__GIVEN RECORDS__
lemma mult_transpose_mem_mat_span_orthogonal:
  fixes F G :: "'i \<Rightarrow> real mat"
  assumes I: "finite I" "R \<subseteq> I" and F: "\<And>r. r \<in> R \<Longrightarrow> F r \<in> carrier_mat n m"
    and FF: "\<And>r s. r \<in> R \<Longrightarrow> s \<in> R \<Longrightarrow>
      F r * transpose_mat (F s) = (if r = s then G r else 0\<^sub>m n n)"
    and P: "P \<in> mat_span n m (F ` R)" and Q: "Q \<in> mat_span n m (F ` R)"
  shows "P * transpose_mat Q \<in> mat_span n n (G ` I)"
proof -
  have R: "finite R" using I by (rule finite_subset[rotated])
  obtain c where P': "P \<in> carrier_mat n m" "\<forall>a<n. \<forall>b<m. P $$ (a,b) = (\<Sum>r\<in>R. c r * F r $$ (a,b))"
    using mat_span_imageE[OF R P] by blast
  obtain d where Q': "Q \<in> carrier_mat n m" "\<forall>a<n. \<forall>b<m. Q $$ (a,b) = (\<Sum>r\<in>R. d r * F r $$ (a,b))"
    using mat_span_imageE[OF R Q] by blast
  have PQ: "P * transpose_mat Q \<in> carrier_mat n n"
    using mult_carrier_mat[OF P'(1), of "transpose_mat Q" n] Q'(1) by simp
  have "(P * transpose_mat Q) $$ (a,b) = (\<Sum>r\<in>I. (if r \<in> R then c r * d r else 0) * G r $$ (a,b))"
    if ab: "a < n" "b < n" for a b
  proof -
    have "(\<Sum>r\<in>I. (if r \<in> R then c r * d r else 0) * G r $$ (a,b)) = (\<Sum>r\<in>R. c r * d r * G r $$ (a,b))"
      by (rule sum.mono_neutral_cong_right[OF I]) auto
    then show ?thesis using mult_transpose_lincomb_orthogonal[OF R F FF P' Q' ab] by simp
  qed
  then show ?thesis
    by (intro mat_span_imageI[where d = "\<lambda>r. if r \<in> R then c r * d r else 0", OF I(1) PQ] allI impI)
qed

__WORK ORDER__
Leave out every line above except those from the line with "obtain d where" up to and including the line with "transpose_mat Q \<in> carrier_mat", and copy those exactly.

__SOLVED PROBLEM__
  obtain d where Q': "Q \<in> carrier_mat n m" "\<forall>a<n. \<forall>b<m. Q $$ (a,b) = (\<Sum>r\<in>R. d r * F r $$ (a,b))"
    using mat_span_imageE[OF R Q] by blast
  have PQ: "P * transpose_mat Q \<in> carrier_mat n n"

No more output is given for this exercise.